(* f\<^sup>+ and f\<^sup>- of the paper: limsup and liminf of f over its points of continuity. *)
definition upper_rep :: "'a::metric_space set \<Rightarrow> ('a \<Rightarrow> real) \<Rightarrow> 'a \<Rightarrow> real" where
  "upper_rep X f = usc_hull {x\<in>X. isCont f x} f"

definition lower_rep :: "'a::metric_space set \<Rightarrow> ('a \<Rightarrow> real) \<Rightarrow> 'a \<Rightarrow> real" where
  "lower_rep X f = lsc_hull {x\<in>X. isCont f x} f"

lemma lower_rep_eq_neg_upper_rep: "lower_rep X f = (\<lambda>x. - upper_rep X (\<lambda>y. - f y) x)"
  unfolding lower_rep_def upper_rep_def by (simp add: lsc_hull_eq_neg_usc_hull isCont_uminus_iff)

context
  fixes X :: "'a::euclidean_space set" and f :: "'a \<Rightarrow> real"
  assumes X: "open X" and f: "C_ae X f"
begin

lemma dense_isCont_points: "X \<subseteq> closure {x\<in>X. isCont f x}"
  using dense_if_AE_lebesgue_on[OF X] f by (simp add: C_ae_def)

lemma bounded_isCont_points: "bounded (f ` {x\<in>X. isCont f x})"
  by (rule bounded_subset[of "f ` X"]) (use f in \<open>auto simp: C_ae_def\<close>)

lemma upper_rep_eq_at_isCont: "x \<in> X \<Longrightarrow> isCont f x \<Longrightarrow> upper_rep X f x = f x"
  unfolding upper_rep_def
  by (rule usc_hull_eq_if_isCont[OF _ bounded_isCont_points]) (use dense_isCont_points in blast)

lemma lower_rep_eq_at_isCont: "x \<in> X \<Longrightarrow> isCont f x \<Longrightarrow> lower_rep X f x = f x"
  unfolding lower_rep_def
  by (rule lsc_hull_eq_if_isCont[OF _ bounded_isCont_points]) (use dense_isCont_points in blast)

lemma bounded_upper_rep: "bounded (upper_rep X f ` X)"
  unfolding upper_rep_def by (rule bounded_usc_hull[OF dense_isCont_points bounded_isCont_points])

lemma bounded_lower_rep: "bounded (lower_rep X f ` X)"
  unfolding lower_rep_def by (rule bounded_lsc_hull[OF dense_isCont_points bounded_isCont_points])

lemma usc_on_upper_rep: "usc_on X (upper_rep X f)"
  unfolding upper_rep_def by (rule usc_on_usc_hull[OF dense_isCont_points bounded_isCont_points])

lemma lsc_on_lower_rep: "lsc_on X (lower_rep X f)"
  unfolding lower_rep_def by (rule lsc_on_lsc_hull[OF dense_isCont_points bounded_isCont_points])

lemma AE_eq_if_eq_at_isCont:
  assumes "\<And>x. x \<in> X \<Longrightarrow> isCont f x \<Longrightarrow> h x = f x"
  shows "AE x in lebesgue_on X. h x = f x"
proof -
  have "AE x in lebesgue_on X. isCont f x" using f by (simp add: C_ae_def)
  moreover have "AE x in lebesgue_on X. x \<in> X"
    using AE_space[of "lebesgue_on X"] by (simp add: space_restrict_space)
  ultimately show ?thesis by eventually_elim (simp add: assms)
qed

lemma in_class_upper_rep: "in_class X f (upper_rep X f)"
  unfolding in_class_def
  using bounded_upper_rep AE_eq_if_eq_at_isCont[OF upper_rep_eq_at_isCont] by blast

lemma in_class_lower_rep: "in_class X f (lower_rep X f)"
  unfolding in_class_def
  using bounded_lower_rep AE_eq_if_eq_at_isCont[OF lower_rep_eq_at_isCont] by blast

lemma usc_hull_lower_rep:
  assumes "x \<in> X"
  shows "usc_hull X (lower_rep X f) x = upper_rep X f x"
proof (rule antisym)
  let ?S = "{x\<in>X. isCont f x}"
  have x: "x \<in> closure X" "x \<in> closure ?S"
    using assms dense_isCont_points closure_subset by blast+
  have "lower_rep X f y \<le> upper_rep X f y" if "y \<in> X" for y
    unfolding lower_rep_def upper_rep_def using that dense_isCont_points
    by (intro lsc_hull_le_usc_hull[OF _ bounded_isCont_points]) blast
  then have "usc_hull X (lower_rep X f) x \<le> usc_hull X (upper_rep X f) x"
    by (intro usc_hull_mono[OF x(1) bounded_lower_rep bounded_upper_rep])
  also have "\<dots> = upper_rep X f x"
    by (rule usc_hull_eq_if_usc_on[OF usc_on_upper_rep assms bounded_upper_rep])
  finally show "usc_hull X (lower_rep X f) x \<le> upper_rep X f x" .
  have "upper_rep X f x = usc_hull ?S (lower_rep X f) x"
    unfolding upper_rep_def by (rule usc_hull_cong) (simp add: lower_rep_eq_at_isCont)
  also have "\<dots> \<le> usc_hull X (lower_rep X f) x"
    by (rule usc_hull_subset_mono[OF _ x(2) bounded_lower_rep]) auto
  finally show "upper_rep X f x \<le> usc_hull X (lower_rep X f) x" .
qed

lemma quasicontinuous_on_upper_rep: "quasicontinuous_on X (upper_rep X f)"
  using quasicontinuous_on_usc_hull[OF X lsc_on_lower_rep bounded_lower_rep]
    quasicontinuous_on_cong[of X "usc_hull X (lower_rep X f)" "upper_rep X f"]
  by (simp add: usc_hull_lower_rep)

lemma upper_rep_unique:
  assumes h: "in_class X f h" and usc: "usc_on X h" and qc: "quasicontinuous_on X h"
    and x: "x \<in> X"
  shows "h x = upper_rep X f x"
proof -
  define Q where "Q = {x\<in>X. isCont f x \<and> h x = f x}"
  have "AE x in lebesgue_on X. isCont f x" and "AE x in lebesgue_on X. h x = f x"
    using f h by (simp_all add: C_ae_def in_class_def)
  then have "AE x in lebesgue_on X. isCont f x \<and> h x = f x" by eventually_elim simp
  then have dense: "X \<subseteq> closure Q" unfolding Q_def by (rule dense_if_AE_lebesgue_on[OF X])
  have "bounded (h ` X)" using h by (simp add: in_class_def)
  then have "h x = usc_hull Q h x"
    by (intro usc_quasicontinuous_eq_usc_hull[symmetric, OF X _ dense usc qc _ x]) (auto simp: Q_def)
  also have "\<dots> = usc_hull Q f x" by (rule usc_hull_cong) (simp add: Q_def)
  also have "\<dots> = upper_rep X f x"
    unfolding upper_rep_def using dense x
    by (intro usc_hull_eq_on_dense_subset[symmetric, OF _ _ _ bounded_isCont_points])
      (auto simp: Q_def)
  finally show ?thesis .
qed

end

lemma lsc_hull_upper_rep:
  fixes X :: "'a::euclidean_space set"
  assumes "open X" and "C_ae X f" and "x \<in> X"
  shows "lsc_hull X (upper_rep X f) x = lower_rep X f x"
  using usc_hull_lower_rep[of X "\<lambda>y. - f y" x] assms
  by (simp add: C_ae_uminus_iff lower_rep_eq_neg_upper_rep lsc_hull_eq_neg_usc_hull)
(* Let $R_s>0$, $\lambda=2^{R_s}$, and let $\gamma_d,\gamma_e$ be independent, with $\gamma_t$ ($t\in\{d,e\}$) generalized-$K$ distributed with parameters $m_t>0,k_t>0$ and mean $\overline\gamma_t>0$, i.e. with CDF $F_{\gamma_t}(x)=\frac{1}{\Gamma(k_t)\Gamma(m_t)}G_{1,3}^{2,1}\!\left(\frac{k_tm_tx}{\overline\gamma_t}\,\middle|\,{1\atop k_t,m_t,0}\right)$. Assume $k_d=m_d$ and $m_d\neq1$. Let $\sigma_e^2$ be the variance of $\gamma_e$, $P(x)=F_{\gamma_d}(\lambda-1+\lambda x)$, $\widetilde P_{\rm sop}(\overline\gamma_d):=P(\overline\gamma_e)+\frac{\sigma_e^2}{2}P''(\overline\gamma_e)$, and write $a=\lambda-1+\lambda\overline\gamma_e$ and $c_e=\frac{(k_e+1)(m_e+1)}{k_em_e}-1$. Then, with all parameters except $\overline\gamma_d$ fixed, as $\overline\gamma_d\to\infty$, $$\widetilde P_{\rm sop}(\overline\gamma_d)=\overline\gamma_d^{-m_d}\left(\frac{\psi(m_d+1)+2\psi(1)-\psi(m_d)-\ln\frac{m_d^2a}{\overline\gamma_d}}{m_d^{-2m_d+1}\Gamma^2(m_d)a^{-m_d}}+\frac{c_e\left(\psi(m_d-1)+2\psi(1)-\psi(m_d)-\ln\frac{m_d^2a}{\overline\gamma_d}\right)}{2m_d^{-2m_d}\lambda^{-2}\overline\gamma_e^{-2}\Gamma(m_d)\Gamma(m_d-1)a^{2-m_d}}\right)+o(\overline\gamma_d^{-m_d}).$$
   Context: $\psi$ is the digamma function, $\Gamma$ the Gamma function, and $G^{m,n}_{p,q}$ the standard Meijer G-function. The generalized-$K$ distribution with parameters $k,m$ and mean $\overline\gamma$ is that of $\overline\gamma XY$ with $X,Y$ independent unit-mean Gamma variables of shapes $k$ and $m$. $\widetilde P_{\rm sop}$ is the second-order Taylor approximation of the secrecy outage probability $\mathbb{E}\{F_{\gamma_d}(\lambda-1+\lambda\gamma_e)\}$ around the mean of $\gamma_e$. *)

theory Defs
  imports "HOL-Analysis.Analysis" "HOL-Library.Landau_Symbols"
begin

definition gamma_dens :: "real \<Rightarrow> real \<Rightarrow> real" where
  "gamma_dens k t = (if t > 0 then k powr k * t powr (k - 1) * exp (- k * t) / Gamma k else 0)"

text \<open>CDF of the generalized-K distribution with parameters k, m and mean g:
  the law of g X Y, X ~ Gamma(k) and Y ~ Gamma(m) independent and unit-mean.
  (This equals the Meijer-G expression of the paper.)\<close>
definition genK_cdf :: "real \<Rightarrow> real \<Rightarrow> real \<Rightarrow> real \<Rightarrow> real" where
  "genK_cdf k m g x =
     (LINT s|lborel. LINT t|lborel.
        indicator {..x} (g * s * t) * gamma_dens k s * gamma_dens m t)"

definition genK_var :: "real \<Rightarrow> real \<Rightarrow> real \<Rightarrow> real" where
  "genK_var k m g =
     (LINT s|lborel. LINT t|lborel.
        (g * s * t - g)\<^sup>2 * gamma_dens k s * gamma_dens m t)"

definition sop_approx ::
  "real \<Rightarrow> real \<Rightarrow> real \<Rightarrow> real \<Rightarrow> real \<Rightarrow> real \<Rightarrow> real \<Rightarrow> real" where
  "sop_approx lam kd md gd ke me ge =
     (let P = (\<lambda>x. genK_cdf kd md gd (lam - 1 + lam * x))
      in P ge + genK_var ke me ge / 2 * deriv (deriv P) ge)"

end

theory Submission
  imports Defs "HOL-Real_Asymp.Real_Asymp"
begin

(*
  For k_d = m_d = m the unit-mean generalized-K law has density
    f(u) = c^2 u^(m-1) K(m^2 u),   c = m^m / Gamma(m),
  where K(z) = int_0^oo exp(-s - z/s) ds/s.  Euler's integral
  psi(1) = int_0^oo (exp(-q) - [q < 1]) dq/q, used once directly and once after q = 1/r,
  gives K(z) = 2 psi(1) - ln z + o(1) and z K'(z) --> -1 as z --> 0+.  Integrating f from 0,
  respectively differentiating it, yields
    F(u)  = c^2 u^m / m * (2 psi(1) + 1/m - ln(m^2 u)) + o(u^m),
    f'(u) = c^2 u^(m-2) * ((m-1) (2 psi(1) - ln(m^2 u)) - 1) + o(u^(m-2)).
  As P(x) = F((lam - 1 + lam x) / g_d), the Taylor approximation is
  F(a/g_d) + var_e/2 * (lam/g_d)^2 * f'(a/g_d), and u = a/g_d --> 0+ turns both error
  terms into o(g_d^(-m)).  The closed form of the theorem is the same leading term rewritten
  with psi(m+1) = psi(m) + 1/m, psi(m-1) = psi(m) - 1/(m-1) and Gamma(m) = (m-1) Gamma(m-1).
*)

lemma integral_dominated_convergence_at:
  fixes phi :: "'c::first_countable_topology \<Rightarrow> 'a \<Rightarrow> real" and B psi :: "'a \<Rightarrow> real"
  assumes bound: "\<forall>\<^sub>F y in at x within S. phi y \<in> borel_measurable M \<and> (\<forall>s. \<bar>phi y s\<bar> \<le> B s)"
    and "integrable M B"
    and lim: "\<And>s. ((\<lambda>y. phi y s) \<longlongrightarrow> psi s) (at x within S)"
    and "psi \<in> borel_measurable M"
  shows "((\<lambda>y. LINT s|M. phi y s) \<longlongrightarrow> (LINT s|M. psi s)) (at x within S)"
  unfolding tendsto_at_iff_sequentially
proof (intro allI impI)
  fix X :: "nat \<Rightarrow> 'c"
  assume "\<forall>i. X i \<in> S - {x}" "X \<longlonglongrightarrow> x"
  then have X: "filterlim X (at x within S) sequentially"
    by (auto simp: filterlim_at eventually_sequentially)
  from eventually_compose_filterlim[OF bound X] obtain N where
    N: "\<And>n. n \<ge> N \<Longrightarrow> phi (X n) \<in> borel_measurable M \<and> (\<forall>s. \<bar>phi (X n) s\<bar> \<le> B s)"
    by (auto simp: eventually_sequentially)
  have "(\<lambda>n. LINT s|M. phi (X (n + N)) s) \<longlonglongrightarrow> (LINT s|M. psi s)"
  proof (rule integral_dominated_convergence[where w = B])
    show "AE s in M. (\<lambda>n. phi (X (n + N)) s) \<longlonglongrightarrow> psi s"
      using filterlim_compose[OF lim X] by (intro AE_I2 LIMSEQ_ignore_initial_segment) simp
    show "AE s in M. norm (phi (X (n + N)) s) \<le> B s" for n
      using N[of "n + N"] by auto
  qed (use assms N in auto)
  then show "((\<lambda>y. LINT s|M. phi y s) \<circ> X) \<longlonglongrightarrow> (LINT s|M. psi s)"
    unfolding o_def by (rule LIMSEQ_offset)
qed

▸ WORK REQUEST
Every line above that includes the string "Defs" should be counted, and the answer should be that number only.

▸ OUTPUT BELOW
2